**TASK OBJECTIVE:**
Within the data that follows, set down exactly the lines from the one containing "(det (X::complex^2^2)) \<le>" through the one containing "(X::complex^2^2)) \<le> 2", both ends included.

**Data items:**

Content starts

(* Under the standing assumptions below, let $e,f\in S_1$ with $ef=f$. Then $\|\theta(e)-\theta(f)\|_{HS}\le5\delta$.
   Context: Standing assumptions: $S$ is a semilattice (commutative semigroup of idempotents), $0\le\delta<0.03$, and $\theta:S\to M_2(\mathbb C)$ satisfies $\|\theta(e)\theta(f)-\theta(ef)\|_{HS}\le\delta$ for all $e,f\in S$, where $\|A\|_{HS}=(\operatorname{tr}(A^*A))^{1/2}$. For $k\in\{0,1,2\}$, $S_k=\{x\in S:\ |\operatorname{tr}\theta(x)-k|<0.95\}$; these sets are pairwise disjoint and cover $S$. *)

theory Defs
  imports "HOL-Analysis.Analysis"
begin

definition mtrace :: "complex^2^2 \<Rightarrow> complex" where
  "mtrace A = (\<Sum>i\<in>UNIV. A $ i $ i)"

text \<open>Hilbert--Schmidt (Frobenius) norm: (tr(A^* A))^(1/2) = sqrt of sum of |a_ij|^2.\<close>
definition hs_norm :: "complex^2^2 \<Rightarrow> real" where
  "hs_norm A = sqrt (\<Sum>i\<in>UNIV. \<Sum>j\<in>UNIV. (cmod (A $ i $ j))\<^sup>2)"

definition Sk :: "('a \<Rightarrow> complex^2^2) \<Rightarrow> nat \<Rightarrow> 'a set" where
  "Sk \<theta> k = {x. cmod (mtrace (\<theta> x) - of_nat k) < 0.95}"

end

theory Submission
  imports Defs
begin

(*
  Write X(A) = A^2 - A for the idempotency
  defect of a matrix A, t = tr A and d = det A.  Everything rests on three polynomial
  identities valid for 2x2 matrices over any commutative ring:
     tr X(A) = t^2 - t - 2d,     det X(A) = d (d - t + 1),
     X(A) = (t - 1) A - d I      (Cayley-Hamilton).
  (1) If |X(A)| <= delta and |t - 1| < 0.95, the first two identities force |t - 1| <= 1.5 delta:
      the trace of an almost-idempotent that is not near 0 or 2 is almost exactly 1.
  (2) If |X(D)| <= 4 delta and |tr D| <= 3 delta, the same identities make det D tiny and
      tr D - 1 close to -1, so Cayley-Hamilton gives |D| <= 5 delta.
  For the theorem, with E = theta e, F = theta f and ef = f, the defect of D = E - F is a
  signed sum of the four defects E^2 - E, EF - F, FE - F, F^2 - F, hence at most 4 delta,
  while (1) applied to E and F bounds tr D = (tr E - 1) - (tr F - 1) by 3 delta; (2) finishes.
*)

lemma mtrace_eq_trace: "mtrace = trace"
  by (simp add: fun_eq_iff mtrace_def trace_def)

lemma hs_norm_eq_norm: "hs_norm A = norm A"
proof -
  have "\<And>i. (norm (A $ i))\<^sup>2 = (\<Sum>j\<in>UNIV. (cmod (A $ i $ j))\<^sup>2)"
    by (simp add: norm_vec_def L2_set_def sum_nonneg)
  then show ?thesis by (simp add: hs_norm_def norm_vec_def L2_set_def)
qed

lemma trace_2: "trace (A::'a::semiring_1^2^2) = A$1$1 + A$2$2"
  by (simp add: trace_def sum_2)

lemma matrix_mult_2: "((A::'a::semiring_1^2^2) ** B) $ i $ j = A$i$1 * B$1$j + A$i$2 * B$2$j"
  by (simp add: matrix_matrix_mult_def sum_2)

lemma mat_mult_entry: "(mat c ** (A::'a::semiring_1^'n^'m)) $ i $ j = c * A$i$j"
  by (simp add: matrix_matrix_mult_def mat_def if_distrib[of "\<lambda>x. x * _"] cong: if_cong)

lemma norm_sq_2:
  "(norm (A::complex^2^2))\<^sup>2
     = (cmod (A$1$1))\<^sup>2 + (cmod (A$1$2))\<^sup>2 + (cmod (A$2$1))\<^sup>2 + (cmod (A$2$2))\<^sup>2"
  by (simp add: hs_norm_eq_norm[symmetric] hs_norm_def sum_2 add.assoc sum_nonneg)

lemma sq_sum_le: "((a::real) + b)\<^sup>2 \<le> 2 * (a\<^sup>2 + b\<^sup>2)"
  using sum_squares_bound[of a b] by (simp add: power2_eq_square algebra_simps)

lemma prod_le_half_sq_sum: "(a::real) * b \<le> (a\<^sup>2 + b\<^sup>2) / 2"
  using sum_squares_bound[of a b] by simp

text \<open>The trace is a linear functional of norm \<open>sqrt 2 < 3/2\<close>.\<close>
lemma norm_trace_le: "cmod (trace (X::complex^2^2)) \<le> 3/2 * norm X"
proof -
  have "(cmod (X$1$1) + cmod (X$2$2))\<^sup>2 \<le> 2 * ((cmod (X$1$1))\<^sup>2 + (cmod (X$2$2))\<^sup>2)"
    by (rule sq_sum_le)
  also have "\<dots> \<le> 2 * (norm X)\<^sup>2" unfolding norm_sq_2 by simp
  also have "\<dots> \<le> (3/2 * norm X)\<^sup>2" by (simp add: power2_eq_square)
  finally have "cmod (X$1$1) + cmod (X$2$2) \<le> 3/2 * norm X"
    by (rule power2_le_imp_le) simp
  then show ?thesis
    unfolding trace_2 using norm_triangle_ineq[of "X$1$1" "X$2$2"] by linarith
qed

lemma norm_det_le: "cmod (det (X::complex^2^2)) \<le> (norm X)\<^sup>2 / 2"
proof -
  have "cmod (det X) \<le> cmod (X$1$1) * cmod (X$2$2) + cmod (X$1$2) * cmod (X$2$1)"
    unfolding det_2 using norm_triangle_ineq4[of "X$1$1 * X$2$2" "X$1$2 * X$2$1"]
    by (simp add: norm_mult)
  then show ?thesis
    using prod_le_half_sq_sum[of "cmod (X$1$1)" "cmod (X$2$2)"]
      prod_le_half_sq_sum[of "cmod (X$1$2)" "cmod (X$2$1)"] norm_sq_2[of X]
    by argo
qed

lemma norm_discriminant_le:
  "cmod ((trace X)\<^sup>2 - 4 * det (X::complex^2^2)) \<le> 2 * (norm X)\<^sup>2"
proof -
  have "(trace X)\<^sup>2 - 4 * det X = (X$1$1 - X$2$2)\<^sup>2 + 4 * (X$1$2 * X$2$1)"
    unfolding trace_2 det_2 by algebra
  then have "cmod ((trace X)\<^sup>2 - 4 * det X)
      \<le> (cmod (X$1$1 - X$2$2))\<^sup>2 + 4 * (cmod (X$1$2) * cmod (X$2$1))"
    using norm_triangle_ineq[of "(X$1$1 - X$2$2)\<^sup>2" "4 * (X$1$2 * X$2$1)"]
    by (simp add: norm_mult norm_power)
  also have "\<dots> \<le> (cmod (X$1$1) + cmod (X$2$2))\<^sup>2 + 4 * (cmod (X$1$2) * cmod (X$2$1))"
    by (simp add: norm_triangle_ineq4 power_mono)
  also have "\<dots> \<le> 2 * (norm X)\<^sup>2"
    using sq_sum_le[of "cmod (X$1$1)" "cmod (X$2$2)"]
      prod_le_half_sq_sum[of "cmod (X$1$2)" "cmod (X$2$1)"] norm_sq_2[of X]
    by argo
  finally show ?thesis .
qed

lemma norm_mat_mult: "norm (mat c ** (A::complex^2^2)) = cmod c * norm A"
proof -
  have "(norm (mat c ** A))\<^sup>2 = (cmod c * norm A)\<^sup>2"
    unfolding power_mult_distrib norm_sq_2 mat_mult_entry
    by (simp add: norm_mult power_mult_distrib algebra_simps)
  then show ?thesis by (simp add: power2_eq_iff_nonneg)
qed

lemma norm_mat_le: "norm (mat c :: complex^2^2) \<le> 3/2 * cmod c"
proof -
  have "(norm (mat c :: complex^2^2))\<^sup>2 = 2 * (cmod c)\<^sup>2"
    unfolding norm_sq_2 by (simp add: mat_def)
  also have "\<dots> \<le> (3/2 * cmod c)\<^sup>2" by (simp add: power2_eq_square)
  finally show ?thesis by (rule power2_le_imp_le) simp
qed

lemma trace_idem_defect:
  "trace (A ** A - A) = (trace A)\<^sup>2 - trace A - 2 * det (A::'a::comm_ring_1^2^2)"
  unfolding trace_2 det_2 by (simp add: matrix_mult_2 power2_eq_square algebra_simps)

lemma det_idem_defect:
  "det (A ** A - A) = det A * (det A - trace A + 1)" for A :: "'a::comm_ring_1^2^2"
  unfolding trace_2 det_2 by (simp add: matrix_mult_2 algebra_simps)

text \<open>Cayley--Hamilton for 2x2 matrices, \<open>A\<^sup>2 - tr A \<cdot> A + det A \<cdot> I = 0\<close>, in defect form.\<close>
lemma cayley_hamilton_idem_defect:
  "mat (trace A - 1) ** A = (A ** A - A) + mat (det A)" for A :: "'a::comm_ring_1^2^2"
  unfolding trace_2 det_2
  by (simp add: vec_eq_iff forall_2 matrix_mult_2 mat_mult_entry mat_def algebra_simps)

text \<open>Eliminating \<open>det A\<close> between the first two identities: a polynomial relation between
  \<open>u = tr A - 1\<close> and the trace and discriminant of the defect.\<close>
lemma trace_defect_relation:
  fixes A :: "'a::comm_ring_1^2^2"
  defines "u \<equiv> trace A - 1" and "X \<equiv> A ** A - A"
  shows "u\<^sup>2 = u^4 - 2 * u\<^sup>2 * trace X + ((trace X)\<^sup>2 - 4 * det X)"
  unfolding u_def X_def trace_idem_defect det_idem_defect
  by (simp add: algebra_simps power2_eq_square power4_eq_xxxx)

text \<open>The defect of \<open>E - F\<close> as a signed sum of four defects, all of which are small when
  \<open>E\<close>, \<open>F\<close> are almost idempotent and \<open>EF \<approx> FE \<approx> F\<close>.\<close>
lemma idem_defect_diff:
  "(E - F) ** (E - F) - (E - F)
     = ((E ** E - E) - (E ** F - F)) - ((F ** E - F) - (F ** F - F))"
  for E F :: "'a::comm_ring_1^'n^'n"
  by (simp add: vec_eq_iff matrix_matrix_mult_def sum_subtractf left_diff_distrib right_diff_distrib)

text \<open>The quartic constraint coming from \<open>trace_defect_relation\<close>: a solution below \<open>0.95\<close>
  is of the order of \<open>\<delta>\<close>.  The region \<open>0.1 \<le> r < 0.95\<close> is excluded first.\<close>
lemma quartic_small_root:
  fixes r a b \<delta> :: real
  assumes r: "0 \<le> r" "r < 0.95" and rel: "r\<^sup>2 \<le> r^4 + 2 * r\<^sup>2 * a + b"
    and a: "a \<le> 3/2 * \<delta>" and b: "b \<le> 2 * \<delta>\<^sup>2" and \<delta>: "0 \<le> \<delta>" "\<delta> < 0.03"
  shows "r \<le> 3/2 * \<delta>"
proof -
  define s where "s = r\<^sup>2"
  have s0: "0 \<le> s" and s1: "s \<le> 9025/10000"
    using r power_mono[of r "0.95" 2] unfolding s_def by (auto simp: power2_eq_square)
  have rel_s: "s \<le> s * s + 2 * s * a + b"
    using rel unfolding s_def by (simp add: power2_eq_square power4_eq_xxxx)
  have \<delta>_le: "\<delta> \<le> 3/100" using \<delta> by simp
  have "2 * s * a \<le> 2 * s * (3/2 * (3/100))"
    using a \<delta>_le s0 by (intro mult_left_mono) auto
  then have sa: "2 * s * a \<le> 9/100 * s" by simp
  have "\<delta> * \<delta> \<le> 3/100 * (3/100)" using \<delta>_le \<delta> by (intro mult_mono) auto
  then have "b \<le> 18/10000" using b unfolding power2_eq_square by linarith
  have small: "s < 1/100"
  proof (rule ccontr)
    assume "\<not> s < 1/100"
    then have "0 \<le> (s - 1/100) * (9025/10000 - s)" using s1 by simp
    also have "\<dots> = 9125/10000 * s - s * s - 9025/1000000" by (simp add: field_simps)
    finally show False using rel_s sa \<open>b \<le> 18/10000\<close> s1 by linarith
  qed
  have "s * s \<le> 1/100 * s" using small s0 by (intro mult_right_mono) auto
  then have "s \<le> 9/4 * \<delta>\<^sup>2" using rel_s sa b zero_le_power2[of \<delta>] by linarith
  then have "r\<^sup>2 \<le> (3/2 * \<delta>)\<^sup>2" unfolding s_def by (simp add: power_mult_distrib power_divide)
  then show ?thesis by (rule power2_le_imp_le) (use \<delta> in simp)
qed

lemma small_trace_det_bounds:
  fixes t d :: complex and \<delta> :: real
  assumes t: "cmod t \<le> 3 * \<delta>"
    and tr: "cmod (t\<^sup>2 - t - 2 * d) \<le> 6 * \<delta>"
    and det: "cmod (d * (d - t + 1)) \<le> 8 * \<delta>\<^sup>2"
    and \<delta>: "0 \<le> \<delta>" "\<delta> < 0.03"
  shows "cmod d \<le> 0.32 * \<delta>" and "0.91 \<le> cmod (t - 1)"
proof -
  have \<delta>_le: "\<delta> \<le> 3/100" using \<delta> by simp
  have t_small: "cmod t \<le> 9/100" using t \<delta>_le by linarith
  have "cmod (t\<^sup>2) \<le> 81/10000"
    using mult_mono[OF t_small t_small] by (simp add: power2_eq_square norm_mult)
  moreover have "2 * cmod d \<le> cmod (t\<^sup>2) + cmod t + cmod (t\<^sup>2 - t - 2 * d)"
    using norm_triangle_ineq4[of "t\<^sup>2 - t" "t\<^sup>2 - t - 2 * d"] norm_triangle_ineq4[of "t\<^sup>2" t]
    by simp
  ultimately have d_small: "cmod d \<le> 14/100" using tr t_small \<delta>_le by linarith
  have "1 \<le> cmod (d - t + 1) + cmod d + cmod t"
    using norm_triangle_ineq4[of "d - t + 1" "d - t"] norm_triangle_ineq4[of d t] by simp
  then have "77/100 \<le> cmod (d - t + 1)" using d_small t_small by linarith
  then have "cmod d * (77/100) \<le> cmod (d * (d - t + 1))"
    unfolding norm_mult by (rule mult_left_mono) simp_all
  also have "\<dots> \<le> \<delta> * (8 * \<delta>)" using det by (simp add: power2_eq_square)
  also have "\<dots> \<le> \<delta> * (24/100)" using \<delta> \<delta>_le by (intro mult_left_mono) auto
  finally show "cmod d \<le> 0.32 * \<delta>" using \<delta> by simp
  show "0.91 \<le> cmod (t - 1)"
    using norm_triangle_ineq4[of t "t - 1"] t_small by simp
qed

Content ends

**TASK RESPONSE:**
lemma norm_det_le: "cmod (det (X::complex^2^2)) \<le> (norm X)\<^sup>2 / 2"
proof -
  have "cmod (det X) \<le> cmod (X$1$1) * cmod (X$2$2) + cmod (X$1$2) * cmod (X$2$1)"
    unfolding det_2 using norm_triangle_ineq4[of "X$1$1 * X$2$2" "X$1$2 * X$2$1"]
    by (simp add: norm_mult)
  then show ?thesis
    using prod_le_half_sq_sum[of "cmod (X$1$1)" "cmod (X$2$2)"]
      prod_le_half_sq_sum[of "cmod (X$1$2)" "cmod (X$2$1)"] norm_sq_2[of X]
    by argo
qed

lemma norm_discriminant_le:
  "cmod ((trace X)\<^sup>2 - 4 * det (X::complex^2^2)) \<le> 2 * (norm X)\<^sup>2"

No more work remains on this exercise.